* [Your objective]: Return every entry exactly as written.

[Stored data]
┌──

lemma perturbation_conjugate:
  assumes "\<forall>x. \<forall>s\<in>S. (\<Psi>' s x, \<Psi> s x) \<in> map_prod (inv h) (inv h) -` D"
  shows "\<forall>x. \<forall>s\<in>S. ((inv h \<circ> \<Psi>' s \<circ> h) x, \<Phi> s x) \<in> D"
proof (intro allI ballI)
  fix x s assume "s \<in> S"
  then have "(\<Psi>' s (h x), \<Psi> s (h x)) \<in> map_prod (inv h) (inv h) -` D"
    using assms by blast
  then show "((inv h \<circ> \<Psi>' s \<circ> h) x, \<Phi> s x) \<in> D"
    by simp
qed

lemma shadowing_meas_conjugate:
  assumes "sets \<mu> = sets borel" and "shadowing_meas \<mu> \<Phi>"
  shows "shadowing_meas (distr \<mu> borel h) \<Psi>"
proof -
  obtain S where "gen_set S" and shadowing: "\<And>E. entourage E \<Longrightarrow> \<exists>D B. entourage D \<and> full_meas_set \<mu> B \<and>
      (\<forall>xs. pseudo_orbit \<Phi> S D xs \<and> xs 0 \<in> B \<longrightarrow> (\<exists>x. shadowed \<Phi> E xs x))"
    using assms(2) unfolding shadowing_meas_def by blast
  have "\<exists>D B. entourage D \<and> full_meas_set (distr \<mu> borel h) B \<and>
      (\<forall>ys. pseudo_orbit \<Psi> S D ys \<and> ys 0 \<in> B \<longrightarrow> (\<exists>y. shadowed \<Psi> E ys y))"
    if E: "entourage E" for E
  proof -
    obtain D B where "entourage D" "full_meas_set \<mu> B" and shadow:
      "\<And>xs. pseudo_orbit \<Phi> S D xs \<Longrightarrow> xs 0 \<in> B \<Longrightarrow> \<exists>x. shadowed \<Phi> (map_prod h h -` E) xs x"
      using shadowing[OF entourage_vimage_h[OF E]] by blast
    have "\<exists>y. shadowed \<Psi> E ys y"
      if ys: "pseudo_orbit \<Psi> S (map_prod (inv h) (inv h) -` D) ys" "ys 0 \<in> h ` B" for ys
    proof -
      obtain x where "shadowed \<Phi> (map_prod h h -` E) (inv h \<circ> ys) x"
        using shadow[OF pseudo_orbit_conjugate[OF ys(1)]] ys(2) by auto
      then show ?thesis
        using shadowed_conjugate by blast
    qed
    then show ?thesis
      using \<open>entourage D\<close> \<open>full_meas_set \<mu> B\<close> entourage_vimage_inv_h
        full_meas_set_distr_homeomorphism_image[OF homeomorphism_h assms(1)] by blast
  qed
  then show ?thesis
    using \<open>gen_set S\<close> unfolding shadowing_meas_def by blast
qed

lemma expansive_meas_conjugate:
  assumes "sets \<mu> = sets borel" and "expansive_meas \<mu> \<Phi>"
  shows "expansive_meas (distr \<mu> borel h) \<Psi>"
proof -
  obtain D where "entourage D" "closed D" and null: "\<And>x. emeasure \<mu> (Gamma \<Phi> D x) = 0"
    using assms(2) unfolding expansive_meas_def by blast
  have "closed (map_prod (inv h) (inv h) -` D)"
    using closed_vimage_map_prod homeomorphism_cont2[OF homeomorphism_h] \<open>closed D\<close> by blast
  moreover have "emeasure (distr \<mu> borel h) (Gamma \<Psi> (map_prod (inv h) (inv h) -` D) y) = 0" for y
    using null by (simp add: Gamma_conjugate emeasure_distr_homeomorphism_image[OF homeomorphism_h assms(1)])
  ultimately show ?thesis
    using entourage_vimage_inv_h[OF \<open>entourage D\<close>] unfolding expansive_meas_def by blast
qed

lemma persistent_meas_conjugate:
  assumes "sets \<mu> = sets borel" and "persistent_meas \<mu> \<Phi>"
  shows "persistent_meas (distr \<mu> borel h) \<Psi>"
proof -
  obtain S where "gen_set S" and persistence: "\<And>E. entourage E \<Longrightarrow> \<exists>D B. entourage D \<and> full_meas_set \<mu> B \<and>
      (\<forall>\<Phi>' \<in> Act. (\<forall>x. \<forall>s\<in>S. (\<Phi>' s x, \<Phi> s x) \<in> D) \<longrightarrow> (\<forall>x\<in>B. \<exists>y. \<forall>g. (\<Phi>' g x, \<Phi> g y) \<in> E))"
    using assms(2) unfolding persistent_meas_def by blast
  have "\<exists>D B. entourage D \<and> full_meas_set (distr \<mu> borel h) B \<and>
      (\<forall>\<Psi>' \<in> Act. (\<forall>x. \<forall>s\<in>S. (\<Psi>' s x, \<Psi> s x) \<in> D) \<longrightarrow> (\<forall>x\<in>B. \<exists>y. \<forall>g. (\<Psi>' g x, \<Psi> g y) \<in> E))"
    if E: "entourage E" for E
  proof -
    obtain D B where "entourage D" "full_meas_set \<mu> B" and persist:
      "\<And>\<Phi>'. \<Phi>' \<in> Act \<Longrightarrow> \<forall>x. \<forall>s\<in>S. (\<Phi>' s x, \<Phi> s x) \<in> D \<Longrightarrow>
         \<forall>x\<in>B. \<exists>y. \<forall>g. (\<Phi>' g x, \<Phi> g y) \<in> map_prod h h -` E"
      using persistence[OF entourage_vimage_h[OF E]] by blast
    have "\<exists>y. \<forall>g. (\<Psi>' g z, \<Psi> g y) \<in> E"
      if \<Psi>': "\<Psi>' \<in> Act" "\<forall>x. \<forall>s\<in>S. (\<Psi>' s x, \<Psi> s x) \<in> map_prod (inv h) (inv h) -` D"
        and z: "z \<in> h ` B" for \<Psi>' z
    proof -
      obtain y where "\<forall>g. ((inv h \<circ> \<Psi>' g \<circ> h) (inv h z), \<Phi> g y) \<in> map_prod h h -` E"
        using persist[OF Act_conjugate[OF uniform_equiv_h \<Psi>'(1)] perturbation_conjugate[OF \<Psi>'(2)]] z
        by auto
      then show ?thesis
        by (intro exI[of _ "h y"]) simp
    qed
    then show ?thesis
      using \<open>entourage D\<close> \<open>full_meas_set \<mu> B\<close> entourage_vimage_inv_h
        full_meas_set_distr_homeomorphism_image[OF homeomorphism_h assms(1)] by blast
  qed
  then show ?thesis
    using \<open>gen_set S\<close> unfolding persistent_meas_def by blast
qed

└──

* [Task output]:
lemma perturbation_conjugate:
  assumes "\<forall>x. \<forall>s\<in>S. (\<Psi>' s x, \<Psi> s x) \<in> map_prod (inv h) (inv h) -` D"
  shows "\<forall>x. \<forall>s\<in>S. ((inv h \<circ> \<Psi>' s \<circ> h) x, \<Phi> s x) \<in> D"
proof (intro allI ballI)
  fix x s assume "s \<in> S"
  then have "(\<Psi>' s (h x), \<Psi> s (h x)) \<in> map_prod (inv h) (inv h) -` D"
    using assms by blast
  then show "((inv h \<circ> \<Psi>' s \<circ> h) x, \<Phi> s x) \<in> D"
    by simp
qed

lemma shadowing_meas_conjugate:
  assumes "sets \<mu> = sets borel" and "shadowing_meas \<mu> \<Phi>"
  shows "shadowing_meas (distr \<mu> borel h) \<Psi>"
proof -
  obtain S where "gen_set S" and shadowing: "\<And>E. entourage E \<Longrightarrow> \<exists>D B. entourage D \<and> full_meas_set \<mu> B \<and>
      (\<forall>xs. pseudo_orbit \<Phi> S D xs \<and> xs 0 \<in> B \<longrightarrow> (\<exists>x. shadowed \<Phi> E xs x))"
    using assms(2) unfolding shadowing_meas_def by blast
  have "\<exists>D B. entourage D \<and> full_meas_set (distr \<mu> borel h) B \<and>
      (\<forall>ys. pseudo_orbit \<Psi> S D ys \<and> ys 0 \<in> B \<longrightarrow> (\<exists>y. shadowed \<Psi> E ys y))"
    if E: "entourage E" for E
  proof -
    obtain D B where "entourage D" "full_meas_set \<mu> B" and shadow:
      "\<And>xs. pseudo_orbit \<Phi> S D xs \<Longrightarrow> xs 0 \<in> B \<Longrightarrow> \<exists>x. shadowed \<Phi> (map_prod h h -` E) xs x"
      using shadowing[OF entourage_vimage_h[OF E]] by blast
    have "\<exists>y. shadowed \<Psi> E ys y"
      if ys: "pseudo_orbit \<Psi> S (map_prod (inv h) (inv h) -` D) ys" "ys 0 \<in> h ` B" for ys
    proof -
      obtain x where "shadowed \<Phi> (map_prod h h -` E) (inv h \<circ> ys) x"
        using shadow[OF pseudo_orbit_conjugate[OF ys(1)]] ys(2) by auto
      then show ?thesis
        using shadowed_conjugate by blast
    qed
    then show ?thesis
      using \<open>entourage D\<close> \<open>full_meas_set \<mu> B\<close> entourage_vimage_inv_h
        full_meas_set_distr_homeomorphism_image[OF homeomorphism_h assms(1)] by blast
  qed
  then show ?thesis
    using \<open>gen_set S\<close> unfolding shadowing_meas_def by blast
qed

lemma expansive_meas_conjugate:
  assumes "sets \<mu> = sets borel" and "expansive_meas \<mu> \<Phi>"
  shows "expansive_meas (distr \<mu> borel h) \<Psi>"
proof -
  obtain D where "entourage D" "closed D" and null: "\<And>x. emeasure \<mu> (Gamma \<Phi> D x) = 0"
    using assms(2) unfolding expansive_meas_def by blast
  have "closed (map_prod (inv h) (inv h) -` D)"
    using closed_vimage_map_prod homeomorphism_cont2[OF homeomorphism_h] \<open>closed D\<close> by blast
  moreover have "emeasure (distr \<mu> borel h) (Gamma \<Psi> (map_prod (inv h) (inv h) -` D) y) = 0" for y
    using null by (simp add: Gamma_conjugate emeasure_distr_homeomorphism_image[OF homeomorphism_h assms(1)])
  ultimately show ?thesis
    using entourage_vimage_inv_h[OF \<open>entourage D\<close>] unfolding expansive_meas_def by blast
qed

lemma persistent_meas_conjugate:
  assumes "sets \<mu> = sets borel" and "persistent_meas \<mu> \<Phi>"
  shows "persistent_meas (distr \<mu> borel h) \<Psi>"
proof -
  obtain S where "gen_set S" and persistence: "\<And>E. entourage E \<Longrightarrow> \<exists>D B. entourage D \<and> full_meas_set \<mu> B \<and>
      (\<forall>\<Phi>' \<in> Act. (\<forall>x. \<forall>s\<in>S. (\<Phi>' s x, \<Phi> s x) \<in> D) \<longrightarrow> (\<forall>x\<in>B. \<exists>y. \<forall>g. (\<Phi>' g x, \<Phi> g y) \<in> E))"
    using assms(2) unfolding persistent_meas_def by blast
  have "\<exists>D B. entourage D \<and> full_meas_set (distr \<mu> borel h) B \<and>
      (\<forall>\<Psi>' \<in> Act. (\<forall>x. \<forall>s\<in>S. (\<Psi>' s x, \<Psi> s x) \<in> D) \<longrightarrow> (\<forall>x\<in>B. \<exists>y. \<forall>g. (\<Psi>' g x, \<Psi> g y) \<in> E))"
    if E: "entourage E" for E
  proof -
    obtain D B where "entourage D" "full_meas_set \<mu> B" and persist:
      "\<And>\<Phi>'. \<Phi>' \<in> Act \<Longrightarrow> \<forall>x. \<forall>s\<in>S. (\<Phi>' s x, \<Phi> s x) \<in> D \<Longrightarrow>
         \<forall>x\<in>B. \<exists>y. \<forall>g. (\<Phi>' g x, \<Phi> g y) \<in> map_prod h h -` E"
      using persistence[OF entourage_vimage_h[OF E]] by blast
    have "\<exists>y. \<forall>g. (\<Psi>' g z, \<Psi> g y) \<in> E"
      if \<Psi>': "\<Psi>' \<in> Act" "\<forall>x. \<forall>s\<in>S. (\<Psi>' s x, \<Psi> s x) \<in> map_prod (inv h) (inv h) -` D"
        and z: "z \<in> h ` B" for \<Psi>' z
    proof -
      obtain y where "\<forall>g. ((inv h \<circ> \<Psi>' g \<circ> h) (inv h z), \<Phi> g y) \<in> map_prod h h -` E"
        using persist[OF Act_conjugate[OF uniform_equiv_h \<Psi>'(1)] perturbation_conjugate[OF \<Psi>'(2)]] z
        by auto
      then show ?thesis
        by (intro exI[of _ "h y"]) simp
    qed
    then show ?thesis
      using \<open>entourage D\<close> \<open>full_meas_set \<mu> B\<close> entourage_vimage_inv_h
        full_meas_set_distr_homeomorphism_image[OF homeomorphism_h assms(1)] by blast
  qed
  then show ?thesis
    using \<open>gen_set S\<close> unfolding persistent_meas_def by blast
qed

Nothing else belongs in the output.